This article on ways to tackle humanitarian crises in cities and urban environments (generally due to armed conflicts and natural disasters) is based on a report published by ALNAP, for the RedR Shelter in Urban Emergencies Training Pilot.
It looks at examples worldwide to determine the best approaches to build effective humanitarian interventions and assistance programmes.
Context is everything (or the importance of localised solutions)
Shelter and settlements are core aspects of response to urban crises. The report highlights the importance of having a thorough understanding of the urban environment and system specific to each humanitarian crisis.
When dealing with shelters and settlements of refugees or displaced populations, donors and organisations must bear in mind the many repercussions of the humanitarian crisis generated, such as:
Violence against women (known as “GBV prevention” for Gender-Based Violence)
“WASH”: water, hygiene and sanitation issues
Disaster relief and preparedness
In this sense, shelters can become a key area of economic recovery as reconstruction stimulates the growth of local jobs.
Preventing flaws in humanitarian aid
Urban development: a fragile and chaotic enterprise
As urban areas grow, so do slums – in many areas slums account for up to a third of the urban population. Slums frequently accommodate more vulnerable displaced populations, with no family ties or financial capital with which to seek alternatives.
Slums are often located on land vulnerable to hazards, with insecure tenure. Defining slums can be tricky and they may be more easily understood as a list of characteristics, such as:
Lack of basic services (running water, electricity, public transport)
Insecure land tenure
Populations often move between urban and rural areas, as well as within an urban area. Those who arrived most recently, whether displaced or pre-disaster migrants, often have the greatest ties between them.
While it is important for humanitarian organisations to recognise the different types of urban areas, the focus should be on understanding and adapting to the complexity of urban areas, rather than attempting to define and categorise.
Urban areas make humanitarian assistance more difficult because of their large overall infrastructure, complex land tenure and ownership systems as well as administrative structures. Urban environments rely on a variety of factors and networks.
They are adaptable and flexible, but also more fragile, which has a huge impact on response and recovery to disasters – whether man-made (e.g. armed conflicts) or natural.
Post-disaster strategies and opportunities
Over time, humanitarian organisations have developed a wide range of strategies to help setting up temporary urban shelters and settlements, including
Cash for work
Working with the private sector
Urban areas often provide more opportunities to work with the private sector.
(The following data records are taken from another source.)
lemma nn_integral_wsum_measure:
  assumes fin: "finite I" and sets_eq: "\<And>i. i \<in> I \<Longrightarrow> sets (\<mu> i) = sets S"
    and f: "f \<in> borel_measurable S"
  shows "(\<integral>\<^sup>+x. f x \<partial>wsum_measure S I w \<mu>) = (\<Sum>i\<in>I. ennreal (w i) * (\<integral>\<^sup>+x. f x \<partial>\<mu> i))"
  using f
proof induction
  case (cong f g)
  have "(\<integral>\<^sup>+x. f x \<partial>wsum_measure S I w \<mu>) = (\<integral>\<^sup>+x. g x \<partial>wsum_measure S I w \<mu>)"
    using cong.hyps by (intro nn_integral_cong) simp
  moreover have "\<And>i. i \<in> I \<Longrightarrow> (\<integral>\<^sup>+x. f x \<partial>\<mu> i) = (\<integral>\<^sup>+x. g x \<partial>\<mu> i)"
    using cong.hyps sets_eq_imp_space_eq[OF sets_eq] by (intro nn_integral_cong) simp
  ultimately show ?case using cong.IH by simp
next
  case (set A)
  then show ?case using sets_eq by (simp add: emeasure_wsum_measure[OF fin sets_eq])
next
  case (mult f c)
  then show ?case using sets_eq
    by (simp add: nn_integral_cmult sum_distrib_left ac_simps cong: measurable_cong_sets)
next
  case (add f g)
  then show ?case using sets_eq
    by (simp add: nn_integral_add sum.distrib distrib_left cong: measurable_cong_sets)
next
  case (seq U)
  have U_meas: "\<And>i j. i \<in> I \<Longrightarrow> U j \<in> borel_measurable (\<mu> i)"
    using seq sets_eq by (simp cong: measurable_cong_sets)
  have "(\<integral>\<^sup>+x. (SUP j. U j x) \<partial>wsum_measure S I w \<mu>) = (SUP j. \<integral>\<^sup>+x. U j x \<partial>wsum_measure S I w \<mu>)"
    using seq by (intro nn_integral_monotone_convergence_SUP) auto
  also have "\<dots> = (SUP j. \<Sum>i\<in>I. ennreal (w i) * (\<integral>\<^sup>+x. U j x \<partial>\<mu> i))"
    using seq.IH by simp
  also have "\<dots> = (\<Sum>i\<in>I. SUP j. ennreal (w i) * (\<integral>\<^sup>+x. U j x \<partial>\<mu> i))"
    using seq.hyps(3) by (intro ennreal_SUP_sum) (auto intro!: mult_left_mono nn_integral_mono
        simp: incseq_def le_fun_def)
  also have "\<dots> = (\<Sum>i\<in>I. ennreal (w i) * (\<integral>\<^sup>+x. (SUP j. U j x) \<partial>\<mu> i))"
    using seq U_meas by (simp add: SUP_mult_left_ennreal nn_integral_monotone_convergence_SUP)
  finally show ?case by (simp add: image_comp)
qed

lemma wsum_measure_cong:
  "(\<And>i. i \<in> I \<Longrightarrow> \<mu> i = \<nu> i) \<Longrightarrow> wsum_measure S I w \<mu> = wsum_measure S I w \<nu>"
  unfolding wsum_measure_def by (metis (no_types, lifting) sum.cong)

lemma distr_wsum_measure:
  assumes fin: "finite I" and sets_eq: "\<And>i. i \<in> I \<Longrightarrow> sets (\<mu> i) = sets S"
    and g: "g \<in> S \<rightarrow>\<^sub>M T"
  shows "distr (wsum_measure S I w \<mu>) T g = wsum_measure T I w (\<lambda>i. distr (\<mu> i) T g)"
proof (rule measure_eqI)
  fix A assume "A \<in> sets (distr (wsum_measure S I w \<mu>) T g)"
  then have A: "A \<in> sets T" by simp
  have "g \<in> \<mu> i \<rightarrow>\<^sub>M T" and "space (\<mu> i) = space S" if "i \<in> I" for i
    using g sets_eq[OF that] sets_eq_imp_space_eq[OF sets_eq[OF that]]
    by (simp_all cong: measurable_cong_sets)
  with A g show "emeasure (distr (wsum_measure S I w \<mu>) T g) A
      = emeasure (wsum_measure T I w (\<lambda>i. distr (\<mu> i) T g)) A"
    by (simp add: emeasure_distr emeasure_wsum_measure[OF fin] sets_eq)
qed simp

lemma prob_space_wsum_measure:
  assumes fin: "finite I" and sets_eq: "\<And>i. i \<in> I \<Longrightarrow> sets (\<mu> i) = sets S"
    and prob: "\<And>i. i \<in> I \<Longrightarrow> prob_space (\<mu> i)"
    and w_nonneg: "\<And>i. i \<in> I \<Longrightarrow> w i \<ge> 0" and w_sum: "(\<Sum>i\<in>I. w i) = 1"
  shows "prob_space (wsum_measure S I w \<mu>)"
proof
  have "emeasure (wsum_measure S I w \<mu>) (space S) = (\<Sum>i\<in>I. ennreal (w i))"
    using sets_eq_imp_space_eq[OF sets_eq] prob_space.emeasure_space_1[OF prob]
    by (simp add: emeasure_wsum_measure[OF fin sets_eq])
  also have "\<dots> = 1" using w_nonneg w_sum by simp
  finally show "emeasure (wsum_measure S I w \<mu>) (space (wsum_measure S I w \<mu>)) = 1" by simp
qed

lemma space_Ihyp: "space Ihyp = {-1<..<1}"
  by (simp add: Ihyp_def)

lemma borel_measurable_artanh_Ihyp [measurable]: "(artanh :: real \<Rightarrow> real) \<in> borel_measurable Ihyp"
  unfolding Ihyp_def artanh_def[abs_def] by (rule measurable_restrict_space1) measurable

lemma borel_measurable_dhyp [measurable]:
  "(\<lambda>p. ennreal (dhyp (fst p) (snd p))) \<in> borel_measurable (Ihyp \<Otimes>\<^sub>M Ihyp)"
  unfolding dhyp_def by measurable

lemma borel_measurable_dhyp_0 [measurable]: "(\<lambda>x. ennreal (dhyp x 0)) \<in> borel_measurable Ihyp"
  unfolding dhyp_def by measurable

lemma dhyp_triangle: "dhyp x z \<le> dhyp x y + dhyp y z"
  unfolding dhyp_def by (simp add: abs_if)

lemma dhyp_eq_abs_diff_ln: "dhyp x y = \<bar>ln ((1 + x) / (1 - x)) - ln ((1 + y) / (1 - y))\<bar>"
  by (simp add: dhyp_def artanh_def abs_if)

definition transport_cost :: "(real \<times> real) measure \<Rightarrow> ennreal" where
  "transport_cost \<gamma> = (\<integral>\<^sup>+p. ennreal (dhyp (fst p) (snd p)) \<partial>\<gamma>)"

lemma W1_eq_INF_transport_cost: "W1 \<nu>1 \<nu>2 = (INF \<gamma>\<in>couplings \<nu>1 \<nu>2. transport_cost \<gamma>)"
  by (simp add: W1_def transport_cost_def)
section \<open>Separating the clones\<close>

lemma card_UN_pairwise_card_2:
  assumes I: "finite I" "2 \<le> card I"
    and pairs: "\<And>i j. i \<in> I \<Longrightarrow> j \<in> I \<Longrightarrow> i \<noteq> j \<Longrightarrow> card (X i \<union> X j) = 2"
  shows "card (\<Union>i\<in>I. X i) = 2 \<or> card (\<Union>i\<in>I. X i) = card I"
proof -
  have other: "\<exists>j\<in>I. j \<noteq> i" for i
  proof (rule ccontr)
    assume "\<not> (\<exists>j\<in>I. j \<noteq> i)"
    then have "I \<subseteq> {i}" by blast
    then show False using I card_mono[of "{i}" I] by simp
  qed
  have fin: "finite (X i)" and le2: "card (X i) \<le> 2" if "i \<in> I" for i
  proof -
    obtain j where "j \<in> I" "j \<noteq> i" using other by blast
    then have "card (X i \<union> X j) = 2" using pairs that by blast
    then have "finite (X i \<union> X j)" by (intro card_ge_0_finite) simp
    then show "finite (X i)" "card (X i) \<le> 2"
      using card_mono[of "X i \<union> X j" "X i"] \<open>card (X i \<union> X j) = 2\<close> by auto
  qed
  show ?thesis
  proof (cases "\<exists>i\<in>I. card (X i) = 2")
    case True
    then obtain i where i: "i \<in> I" "card (X i) = 2" by blast
    have "X j \<subseteq> X i" if "j \<in> I" for j
    proof (cases "j = i")
      case False
      then have "X i = X i \<union> X j"
        using card_subset_eq[of "X i \<union> X j" "X i"] pairs[OF i(1) that] i fin that by auto
      then show ?thesis by blast
    qed simp
    then have "(\<Union>i\<in>I. X i) = X i" using i(1) by blast
    then show ?thesis using i(2) by simp
  next
    case False
    have le1: "card (X i) \<le> 1" if "i \<in> I" for i
    proof -
      have "card (X i) \<noteq> 2" using False that by blast
      then show ?thesis using le2[OF that] by linarith
    qed
    have single: "card (X i) = 1" if "i \<in> I" for i
    proof -
      obtain j where "j \<in> I" "j \<noteq> i" using other by blast
      then have "2 \<le> card (X i) + card (X j)"
        using pairs[OF that] card_Un_le[of "X i" "X j"] by fastforce
      then show ?thesis using le1[OF that] le1[OF \<open>j \<in> I\<close>] by linarith
    qed
    define g where "g i = the_elem (X i)" for i
    have Xg: "X i = {g i}" if i: "i \<in> I" for i
    proof -
      obtain x where "X i = {x}" using single[OF i] by (rule card_1_singletonE)
      then show ?thesis by (simp add: g_def)
    qed
    have "inj_on g I"
    proof (rule inj_onI, rule ccontr)
      fix i j assume "i \<in> I" "j \<in> I" "g i = g j" "i \<noteq> j"
      then have "card (X i \<union> X j) = 2" "X i \<union> X j = {g i}" using pairs[of i j] Xg by auto
      then show False by simp
    qed
    moreover have "(\<Union>i\<in>I. X i) = g ` I" using Xg by auto
    ultimately show ?thesis by (simp add: card_image)
  qed
qed

lemma avoid_coords_cases:
  assumes "Z \<in> avoid_coords n"
  obtains "Z = {..<n}" | a b where "a < n" "b < n" "a \<noteq> b" "Z = {a, b}"
  using assms unfolding avoid_coords_def by (auto simp: card_2_iff)

lemma pair_in_avoid_coords: "a < n \<Longrightarrow> b < n \<Longrightarrow> a \<noteq> b \<Longrightarrow> {a, b} \<in> avoid_coords n"
  unfolding avoid_coords_def by auto

lemma full_in_avoid_coords: "{..<n} \<in> avoid_coords n"
  unfolding avoid_coords_def by auto
lemma emeasure_PiM_two_records:
  fixes \<mu> :: "real measure"
  assumes "real_distribution \<mu>"
    and "1 \<le> j" "j < k" and [measurable]: "A1 \<in> sets borel" "A2 \<in> sets borel"
  shows "emeasure (PiM {1..k} (\<lambda>_. \<mu>))
      {x \<in> space (PiM {1..k} (\<lambda>_. \<mu>)). x j \<in> A1 \<and> x k \<in> A2 \<and>
         (\<forall>i\<in>{1..<j}. x i < x j) \<and> (\<forall>i\<in>{1..<k}. x i < x k)}
    = (\<integral>\<^sup>+ v. \<integral>\<^sup>+ u. indicator A1 u * indicator A2 v * indicator {..<v} u *
          emeasure \<mu> {..<u} ^ (j - 1) * emeasure \<mu> {..<v} ^ (k - j - 1) \<partial>\<mu> \<partial>\<mu>)"
    (is "emeasure ?P ?E = _")
proof -
  have [measurable_cong]: "sets \<mu> = sets borel" and "prob_space \<mu>"
    using assms(1) by (simp_all add: real_distribution_def real_distribution_axioms_def)
  then interpret product_sigma_finite "\<lambda>_::nat. \<mu>"
    unfolding product_sigma_finite_def using prob_space_imp_sigma_finite by blast
  define I where "I = {1..<j} \<union> {j<..<k}"
  have I: "finite I" "j \<notin> I" "k \<notin> insert j I" and I_k: "{1..k} = insert k (insert j I)"
    using assms(2,3) by (auto simp: I_def)
  let ?Q = "PiM (insert k (insert j I)) (\<lambda>_. \<mu>)"
  have P_Q: "?P = ?Q"
    unfolding I_k ..
  have [measurable]: "j \<in> {1..k}" "k \<in> {1..k}"
    "i \<in> {1..<j} \<Longrightarrow> i \<in> {1..k}" "i \<in> {1..<k} \<Longrightarrow> i \<in> {1..k}" for i
    using assms(2,3) by auto
  have E_meas [measurable]: "?E \<in> sets ?Q"
    unfolding I_k[symmetric] by measurable
  have "emeasure ?P ?E = emeasure ?Q ?E"
    by (simp only: P_Q)
  also have "\<dots> = (\<integral>\<^sup>+ x. indicator ?E x \<partial>?Q)"
    using E_meas by simp
  also have "\<dots> = (\<integral>\<^sup>+ v. \<integral>\<^sup>+ u. \<integral>\<^sup>+ x. indicator ?E (x(j := u, k := v))
      \<partial>PiM I (\<lambda>_. \<mu>) \<partial>\<mu> \<partial>\<mu>)"
    using I by (intro product_nn_integral_insert2_rev) measurable
  finally show ?thesis
    unfolding I_def nn_integral_two_records_section[OF assms(1-3)] .
qed

lemma record_pair_ratio_identity:
  fixes x c d j m k :: real
  assumes "0 < j" "0 < m" "j + m = k"
  shows "k * j * (x * c / (k * j) + x / j * ((d - c) / m)) = x / m * (k * d - j * c)"
proof -
  have "0 < k"
    using assms by simp
  with assms(1,2) have "k * j * (x * c / (k * j) + x / j * ((d - c) / m)) = x * c + k * x * (d - c) / m"
    by (simp add: field_simps)
  also have "\<dots> = x / m * (k * d - j * c)"
    using assms(2) by (simp add: field_simps flip: assms(3))
  finally show ?thesis .
qed

lemma (in prob_space) distr_restrict_iid_eq_PiM:
  assumes "I \<noteq> {}" and "\<And>i. i \<in> I \<Longrightarrow> random_variable N (X i)" and "indep_vars (\<lambda>_. N) X I"
    and "\<And>i. i \<in> I \<Longrightarrow> distr M N (X i) = D"
  shows "distr M (PiM I (\<lambda>_. N)) (\<lambda>w. \<lambda>i\<in>I. X i w) = PiM I (\<lambda>_. D)"
proof -
  have "distr M (PiM I (\<lambda>_. N)) (\<lambda>w. \<lambda>i\<in>I. X i w) = PiM I (\<lambda>i. distr M N (X i))"
    using indep_vars_iff_distr_eq_PiM'[OF assms(1,2)] assms(3) ..
  also have "\<dots> = PiM I (\<lambda>_. D)"
    using assms(4) by (rule PiM_cong[OF refl])
  finally show ?thesis .
qed

locale iid_continuous_sequence = prob_space M for M :: "'a measure" +
  fixes X :: "nat \<Rightarrow> 'a \<Rightarrow> real"
  assumes random_variable: "\<And>i. 1 \<le> i \<Longrightarrow> X i \<in> borel_measurable M"
    and indep: "indep_vars (\<lambda>_. borel) X {1..}"
    and identically_distributed: "\<And>i. 1 \<le> i \<Longrightarrow> distr M borel (X i) = distr M borel (X 1)"
    and continuous_cdf: "continuous_on UNIV (cdf (distr M borel (X 1)))"
begin

abbreviation law :: "real measure" where "law \<equiv> distr M borel (X 1)"

lemma real_distribution_law: "real_distribution law"
  using random_variable[of 1] by (intro real_distribution_distr) auto

sublocale law: continuous_real_distribution law
  using real_distribution_law continuous_cdf
  by (intro continuous_real_distribution.intro continuous_real_distribution_axioms.intro)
Partnering with private sector organisations can improve the speed and scale of the response, the cost effectiveness, access to technology and technical know-how.
Humanitarian experts should also be aware of the drivers for private sector actors, and consider the potential benefits and risks of these partnerships. For example, private sector actors may wish to engage in disaster response to get access to new markets, gain policy-making influence, to improve their image and to give back to the community.
Successful recovery and reconstruction is often dependent on decisions made early in a response, making it important to consider long-term and permanent solutions as early as possible. Without a pre-established process for families affected by humanitarian crises to return to safe and permanent homes, emergency shelter could end up as permanent slums.
Shelter at the centre…
Shelter is an important aspect of economic recovery; safe and decent housing boosts the recovery of most other sectors as it stimulates the economy and regenerates the local job market. Shelter should be at the centre of humanitarian interventions in cities.
Post-disaster shelter recovery is also an opportunity to reduce risks and vulnerability, reinforce security of tenure and to better include vulnerable people such as renters, squatters, and women in housing programmes.
… alongside communities
Communities should be at the centre of recovery policies from the beginning, in order to help determine priorities and identify solutions that address community and cultural needs.
The community can be involved through ‘community contracting’, whereby funds are placed in the hands of the participating and engaged community, who develop skills that can later be used to generate income.
In urban areas, it is more effective to work neighbourhood by neighbourhood due to the high density and diversity of neighbourhoods in a city. Urban recovery programming requires a solid context analysis, which includes an understanding of the economy (including cash and markets), its complexity, diversity, informality and fluidity.
Humanitarian aid organisations should optimise opportunities for communication, participation and inclusive urban governance by establishing a systemic and strategic approach.